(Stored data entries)

(* Let $A$ be an algebra of Jordan type half over a field $\mathbb{F}$ of characteristic zero. If $a,b\in A$ are primitive axes of Jordan type half with $(a,b)=0$ or $(a,b)=1$, then $J=\langle\langle a,b\rangle\rangle$ is solid.
   Context: All algebras are commutative but not necessarily associative. For an element $x$ of an algebra $A$ and $\lambda\in\mathbb{F}$ write $A_\lambda(x)=\{u\in A: xu=\lambda u\}$. A primitive axis of Jordan type half in $A$ is an element $x\neq 0$ with $x^2=x$, $A=A_1(x)\oplus A_0(x)\oplus A_{1/2}(x)$, $A_1(x)=\mathbb{F}x$, and the fusion rules $A_1A_1\subseteq A_1$, $A_1A_0=0$, $A_0A_0\subseteq A_0$, $A_1A_{1/2}\subseteq A_{1/2}$, $A_0A_{1/2}\subseteq A_{1/2}$, $A_{1/2}A_{1/2}\subseteq A_1\oplus A_0$ (eigenspaces of $x$). An algebra of Jordan type half is a commutative algebra generated by primitive axes of Jordan type half. Such an algebra has a unique Frobenius form $(\cdot,\cdot)$: a bilinear form with $(uv,w)=(u,vw)$ and $(x,x)=1$ for every primitive axis $x$. $\langle\langle a,b\rangle\rangle$ denotes the subalgebra generated by $a,b$. Such a subalgebra $J$ is solid if every idempotent $c\in J$ with $c\neq0$ and $c\neq 1_J$ (the identity of $J$, if $J$ has one) is a primitive axis of Jordan type half in $A$. *)

theory Defs
  imports Complex_Main
begin

definition comm_algebra :: "('a::field \<Rightarrow> 'v::ab_group_add \<Rightarrow> 'v) \<Rightarrow> ('v \<Rightarrow> 'v \<Rightarrow> 'v) \<Rightarrow> bool" where
  "comm_algebra sc m \<longleftrightarrow> vector_space sc \<and> (\<forall>u v. m u v = m v u)
     \<and> (\<forall>u v w. m (u + v) w = m u w + m v w)
     \<and> (\<forall>c u w. m (sc c u) w = sc c (m u w))"

definition eigsp :: "('a::field \<Rightarrow> 'v::ab_group_add \<Rightarrow> 'v) \<Rightarrow> ('v \<Rightarrow> 'v \<Rightarrow> 'v) \<Rightarrow> 'v \<Rightarrow> 'a \<Rightarrow> 'v set" where
  "eigsp sc m x l = {u. m x u = sc l u}"

definition prim_axis_half :: "('a::field \<Rightarrow> 'v::ab_group_add \<Rightarrow> 'v) \<Rightarrow> ('v \<Rightarrow> 'v \<Rightarrow> 'v) \<Rightarrow> 'v \<Rightarrow> bool" where
  "prim_axis_half sc m x \<longleftrightarrow>
     (let A1 = eigsp sc m x 1; A0 = eigsp sc m x 0; Ah = eigsp sc m x (1/2) in
       x \<noteq> 0 \<and> m x x = x
     \<and> (\<forall>u. \<exists>u1 u0 uh. u1 \<in> A1 \<and> u0 \<in> A0 \<and> uh \<in> Ah \<and> u = u1 + u0 + uh)
     \<and> A1 = {sc c x | c. True}
     \<and> (\<forall>u\<in>A1. \<forall>v\<in>A1. m u v \<in> A1)
     \<and> (\<forall>u\<in>A1. \<forall>v\<in>A0. m u v = 0)
     \<and> (\<forall>u\<in>A0. \<forall>v\<in>A0. m u v \<in> A0)
     \<and> (\<forall>u\<in>A1. \<forall>v\<in>Ah. m u v \<in> Ah)
     \<and> (\<forall>u\<in>A0. \<forall>v\<in>Ah. m u v \<in> Ah)
     \<and> (\<forall>u\<in>Ah. \<forall>v\<in>Ah. \<exists>w1 w0. w1 \<in> A1 \<and> w0 \<in> A0 \<and> m u v = w1 + w0))"

definition gen_subalg :: "('a::field \<Rightarrow> 'v::ab_group_add \<Rightarrow> 'v) \<Rightarrow> ('v \<Rightarrow> 'v \<Rightarrow> 'v) \<Rightarrow> 'v set \<Rightarrow> 'v set" where
  "gen_subalg sc m S = \<Inter> {B. module.subspace sc B \<and> (\<forall>u\<in>B. \<forall>v\<in>B. m u v \<in> B) \<and> S \<subseteq> B}"

definition jordan_type_half :: "('a::field \<Rightarrow> 'v::ab_group_add \<Rightarrow> 'v) \<Rightarrow> ('v \<Rightarrow> 'v \<Rightarrow> 'v) \<Rightarrow> bool" where
  "jordan_type_half sc m \<longleftrightarrow> comm_algebra sc m \<and> gen_subalg sc m {x. prim_axis_half sc m x} = UNIV"

definition frobenius_form :: "('a::field \<Rightarrow> 'v::ab_group_add \<Rightarrow> 'v) \<Rightarrow> ('v \<Rightarrow> 'v \<Rightarrow> 'v) \<Rightarrow> ('v \<Rightarrow> 'v \<Rightarrow> 'a) \<Rightarrow> bool" where
  "frobenius_form sc m f \<longleftrightarrow>
     (\<forall>u v w. f (u + v) w = f u w + f v w) \<and> (\<forall>c u w. f (sc c u) w = c * f u w)
   \<and> (\<forall>u v w. f u (v + w) = f u v + f u w) \<and> (\<forall>c u w. f u (sc c w) = c * f u w)
   \<and> (\<forall>u v w. f (m u v) w = f u (m v w))
   \<and> (\<forall>x. prim_axis_half sc m x \<longrightarrow> f x x = 1)"

definition solid :: "('a::field \<Rightarrow> 'v::ab_group_add \<Rightarrow> 'v) \<Rightarrow> ('v \<Rightarrow> 'v \<Rightarrow> 'v) \<Rightarrow> 'v set \<Rightarrow> bool" where
  "solid sc m J \<longleftrightarrow> (\<forall>c\<in>J. m c c = c \<and> c \<noteq> 0 \<and> \<not> (\<forall>u\<in>J. m c u = u) \<longrightarrow> prim_axis_half sc m c)"

end

theory Submission
  imports Defs "HOL-Computational_Algebra.Polynomial"
begin
text \<open>
  Fix \<open>v\<close> and the part \<open>S\<^sub>i\<close> containing it. When \<open>j\<close> grows by one, \<open>I\<^sub>u\<^sub>,\<^sub>j\<close> moves down by
  \<open>4 s\<^sup>* deg(u) / \<delta>\<close>, while its length is only \<open>(3 s\<^sup>* / \<delta> + 34 ln n / \<delta>\<^sup>\<epsilon>) deg(u)\<close>; so at most
  \<open>4 + 34 \<delta>\<^sup>1\<^sup>-\<^sup>\<epsilon> ln n / s\<^sup>*\<close> parts \<open>S\<^sub>j\<close> can put a vertex \<open>u\<close> into \<open>L(v)\<close>. Each part receives \<open>u\<close>
  with probability \<open>s\<^sup>* / (\<delta> k)\<close>, so \<open>|L(v)|\<close> is dominated by a sum of \<open>n - 1\<close> independent
  indicators, not involving the label of \<open>v\<close>, with mean at most \<open>38 n ln n / (k \<delta>\<^sup>\<epsilon>)\<close>.
  Hoeffding's inequality bounds the probability of exceeding the mean by \<open>4 n ln n / (k \<delta>\<^sup>\<epsilon>)\<close>
  by \<open>n\<^sup>-\<^sup>4\<close>, and a union bound over the at most \<open>n k \<le> n\<^sup>2\<close> pairs \<open>(v, i)\<close> finishes the proof.
\<close>

section \<open>Independent uniform labels\<close>

abbreviation uniform01 :: "real measure" where
  "uniform01 \<equiv> uniform_measure lborel {0..1}"

lemma prob_space_uniform01: "prob_space uniform01"
  by (rule prob_space_uniform_measure) auto

lemma prob_space_labels: "prob_space (labels V)"
  unfolding labels_def by (rule prob_space_PiM) (rule prob_space_uniform01)

lemma distr_label:
  assumes "v \<in> V"
  shows "distr (labels V) uniform01 (\<lambda>X. X v) = uniform01"
  unfolding labels_def using assms by (intro distr_PiM_component prob_space_uniform01)

lemma measurable_label [measurable]: "(\<lambda>X. X v) \<in> borel_measurable (labels V)"
proof (cases "v \<in> V")
  case True
  then have "(\<lambda>X. X v) \<in> measurable (labels V) uniform01"
    unfolding labels_def by (rule measurable_component_singleton)
  then show ?thesis
    by (simp cong: measurable_cong_sets)
next
  case False
  then have "(\<lambda>X. X v) \<in> borel_measurable (labels V) \<longleftrightarrow>
      (\<lambda>X. undefined :: real) \<in> borel_measurable (labels V)"
    by (intro measurable_cong) (auto simp: labels_def space_PiM PiE_def extensional_def)
  then show ?thesis by simp
qed

lemma indep_vars_labels:
  assumes "V \<noteq> {}"
  shows "prob_space.indep_vars (labels V) (\<lambda>_. borel) (\<lambda>u X. X u) V"
proof -
  interpret prob_space "labels V" by (rule prob_space_labels)
  have "distr (labels V) (Pi\<^sub>M V (\<lambda>_. uniform01)) (\<lambda>X. \<lambda>u\<in>V. X u) = labels V"
  proof -
    have "distr (labels V) (Pi\<^sub>M V (\<lambda>_. uniform01)) (\<lambda>X. \<lambda>u\<in>V. X u) =
        distr (labels V) (labels V) (\<lambda>X. X)"
      by (rule distr_cong)
        (auto simp: labels_def space_PiM PiE_def extensional_def restrict_def fun_eq_iff)
    then show ?thesis by simp
  qed
  moreover have "Pi\<^sub>M V (\<lambda>u. distr (labels V) uniform01 (\<lambda>X. X u)) = labels V"
    using distr_label[of _ V] unfolding labels_def[of V] by (intro PiM_cong) auto
  ultimately have "indep_vars (\<lambda>_. uniform01) (\<lambda>u X. X u) V"
    using assms by (subst indep_vars_iff_distr_eq_PiM')
      (auto simp: labels_def intro: measurable_component_singleton)
  then show ?thesis
    by (rule indep_vars_compose2[where Y = "\<lambda>_ x. x", simplified])
      (rule measurable_ident_sets, simp)
qed

lemma labels_indicator_sum_tail:
  assumes W: "finite W" "W \<noteq> {}" "W \<subseteq> V"
    and T: "\<And>u. u \<in> W \<Longrightarrow> T u \<in> sets borel" "\<And>u. u \<in> W \<Longrightarrow> measure uniform01 (T u) \<le> p"
    and t: "t \<ge> 0"
  shows "measure (labels V)
      {X \<in> space (labels V). real (card W) * p + t \<le> (\<Sum>u\<in>W. indicator (T u) (X u))}
    \<le> exp (- 2 * t\<^sup>2 / real (card W))"
proof -
  interpret prob_space "labels V" by (rule prob_space_labels)
  define Y where "Y u X = (indicator (T u) (X u) :: real)" for u and X :: "nat \<Rightarrow> real"
  have Y_meas: "Y u \<in> borel_measurable (labels V)" if "u \<in> W" for u
    unfolding Y_def using T(1)[OF that] by measurable
  have expectation_Y: "expectation (Y u) = measure uniform01 (T u)" if "u \<in> W" for u
  proof -
    have "expectation (Y u) = integral\<^sup>L (distr (labels V) uniform01 (\<lambda>X. X u)) (indicator (T u))"
      unfolding Y_def using that W T
      by (subst integral_distr)
        (auto simp: labels_def intro!: measurable_component_singleton borel_measurable_indicator)
    also have "distr (labels V) uniform01 (\<lambda>X. X u) = uniform01"
      using that W(3) by (intro distr_label) auto
    finally show ?thesis by (simp del: measure_uniform_measure)
  qed
  have "indep_vars (\<lambda>_. borel) Y W"
    unfolding Y_def using W T(1)
    by (intro indep_vars_compose2[OF indep_vars_subset[OF indep_vars_labels W(3)]]) auto
  then interpret Hoeffding_ineq "labels V" W Y "\<lambda>_. 0" "\<lambda>_. 1" "\<Sum>u\<in>W. expectation (Y u)"
    by unfold_locales (use W in \<open>auto simp: Y_def\<close>)
  have "(\<Sum>u\<in>W. expectation (Y u)) \<le> real (card W) * p"
    using sum_mono[of W "\<lambda>u. expectation (Y u)" "\<lambda>_. p"] expectation_Y T(2) by simp
  then have "{X \<in> space (labels V). real (card W) * p + t \<le> (\<Sum>u\<in>W. indicator (T u) (X u))}
      \<subseteq> {X \<in> space (labels V). (\<Sum>u\<in>W. expectation (Y u)) + t \<le> (\<Sum>u\<in>W. Y u X)}"
    unfolding Y_def by auto
  moreover have "{X \<in> space (labels V). (\<Sum>u\<in>W. expectation (Y u)) + t \<le> (\<Sum>u\<in>W. Y u X)} \<in> events"
    using Y_meas by measurable
  ultimately have "measure (labels V)
      {X \<in> space (labels V). real (card W) * p + t \<le> (\<Sum>u\<in>W. indicator (T u) (X u))}
    \<le> prob {X \<in> space (labels V). (\<Sum>u\<in>W. expectation (Y u)) + t \<le> (\<Sum>u\<in>W. Y u X)}"
    by (rule finite_measure_mono)
  also have "\<dots> \<le> exp (- 2 * t\<^sup>2 / (\<Sum>u\<in>W. (1 - 0)\<^sup>2))"
    using t W by (intro Hoeffding_ineq_ge) (simp_all add: card_gt_0_iff)
  finally show ?thesis by simp
qed
lemma is_hom_T7_tarcs_graft:
  assumes "is_hom_T7 (tarcs (PNode cs)) c" and "is_hom_T7 (tarcs t) h" and "T7_arc_dir e (c []) (h [])"
  shows "is_hom_T7 (tarcs (PNode (cs @ [(e, t)]))) (graft c (length cs) h)"
proof -
  have "is_hom_T7 (tarcs (PNode cs)) (graft c (length cs) h)"
    using assms(1) by (rule is_hom_T7_cong) (auto dest!: tarcs_hd_less intro: graft_hd_less)
  then show ?thesis
    using assms(2,3) unfolding tarcs_snoc is_hom_T7_Un by (simp add: is_hom_T7_image)
qed

lemma is_hom_T7_path_arcs_graft:
  assumes "cs \<noteq> []"
    and "length ds = length (leaves_below (PNode cs)) - 1" and "length ds' = length (leaves_below t) - 1"
    and "is_hom_T7 (path_arcs (leaves_below (PNode cs)) ds) c"
    and "is_hom_T7 (path_arcs (leaves_below t) ds') h"
    and "T7_arc_dir d (c (last (leaves_below (PNode cs)))) (h (hd (leaves_below t)))"
  shows "is_hom_T7 (path_arcs (leaves_below (PNode (cs @ [(e, t)]))) (ds @ d # ds')) (graft c (length cs) h)"
proof -
  let ?c = "graft c (length cs) h"
  let ?xs = "leaves_below (PNode cs)" and ?ys = "map (Cons (length cs)) (leaves_below t)"
  have agree: "?c u = c u" if "u \<in> set ?xs" for u
    using leaves_below_hd_less[OF assms(1) that] by (simp add: graft_hd_less)
  have left: "is_hom_T7 (path_arcs ?xs ds) ?c"
    using assms(4) by (rule is_hom_T7_cong) (auto dest!: path_arcs_vertices[OF _ assms(2)] simp: agree)
  have right: "is_hom_T7 (path_arcs ?ys ds') ?c"
    using assms(3,5) by (simp add: path_arcs_map is_hom_T7_image)
  have "T7_arc_dir d (?c (last ?xs)) (?c (hd ?ys))"
    using assms(6) agree leaves_below_nonempty[of t] leaves_below_nonempty[of "PNode cs"]
    by (simp add: hd_map)
  then have link: "is_hom_T7 {if d then (last ?xs, hd ?ys) else (hd ?ys, last ?xs)} ?c"
    by (simp only: is_hom_T7_oriented_arc)
  have "path_arcs (?xs @ ?ys) (ds @ d # ds')
      \<subseteq> path_arcs ?xs ds \<union> {if d then (last ?xs, hd ?ys) else (hd ?ys, last ?xs)} \<union> path_arcs ?ys ds'"
    by (rule path_arcs_append_subset) (use assms(2,3) leaves_below_nonempty in simp_all)
  then show ?thesis
    unfolding leaves_below_snoc[OF assms(1)]
    by (rule is_hom_T7_mono[rotated]) (simp only: is_hom_T7_Un left right link)
qed

definition fan_colouring :: "ptree \<Rightarrow> bool list \<Rightarrow> (nat list \<Rightarrow> int) \<Rightarrow> bool" where
  "fan_colouring t ds c \<longleftrightarrow> is_hom_T7 (tarcs t \<union> path_arcs (leaves_below t) ds) c \<and> range c \<subseteq> {0..6}
     \<and> c [] = 0 \<and> c (hd (leaves_below t)) \<noteq> 0 \<and> c (last (leaves_below t)) \<noteq> 0"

▶ [Task statement]:
Among the lines above, repeat exactly those from the line with "using assms(1) by" to the line with "d (?c (last", counting both ends.

▶ [Output below]:
    using assms(1) by (rule is_hom_T7_cong) (auto dest!: tarcs_hd_less intro: graft_hd_less)
  then show ?thesis
    using assms(2,3) unfolding tarcs_snoc is_hom_T7_Un by (simp add: is_hom_T7_image)
qed

lemma is_hom_T7_path_arcs_graft:
  assumes "cs \<noteq> []"
    and "length ds = length (leaves_below (PNode cs)) - 1" and "length ds' = length (leaves_below t) - 1"
    and "is_hom_T7 (path_arcs (leaves_below (PNode cs)) ds) c"
    and "is_hom_T7 (path_arcs (leaves_below t) ds') h"
    and "T7_arc_dir d (c (last (leaves_below (PNode cs)))) (h (hd (leaves_below t)))"
  shows "is_hom_T7 (path_arcs (leaves_below (PNode (cs @ [(e, t)]))) (ds @ d # ds')) (graft c (length cs) h)"
proof -
  let ?c = "graft c (length cs) h"
  let ?xs = "leaves_below (PNode cs)" and ?ys = "map (Cons (length cs)) (leaves_below t)"
  have agree: "?c u = c u" if "u \<in> set ?xs" for u
    using leaves_below_hd_less[OF assms(1) that] by (simp add: graft_hd_less)
  have left: "is_hom_T7 (path_arcs ?xs ds) ?c"
    using assms(4) by (rule is_hom_T7_cong) (auto dest!: path_arcs_vertices[OF _ assms(2)] simp: agree)
  have right: "is_hom_T7 (path_arcs ?ys ds') ?c"
    using assms(3,5) by (simp add: path_arcs_map is_hom_T7_image)
  have "T7_arc_dir d (?c (last ?xs)) (?c (hd ?ys))"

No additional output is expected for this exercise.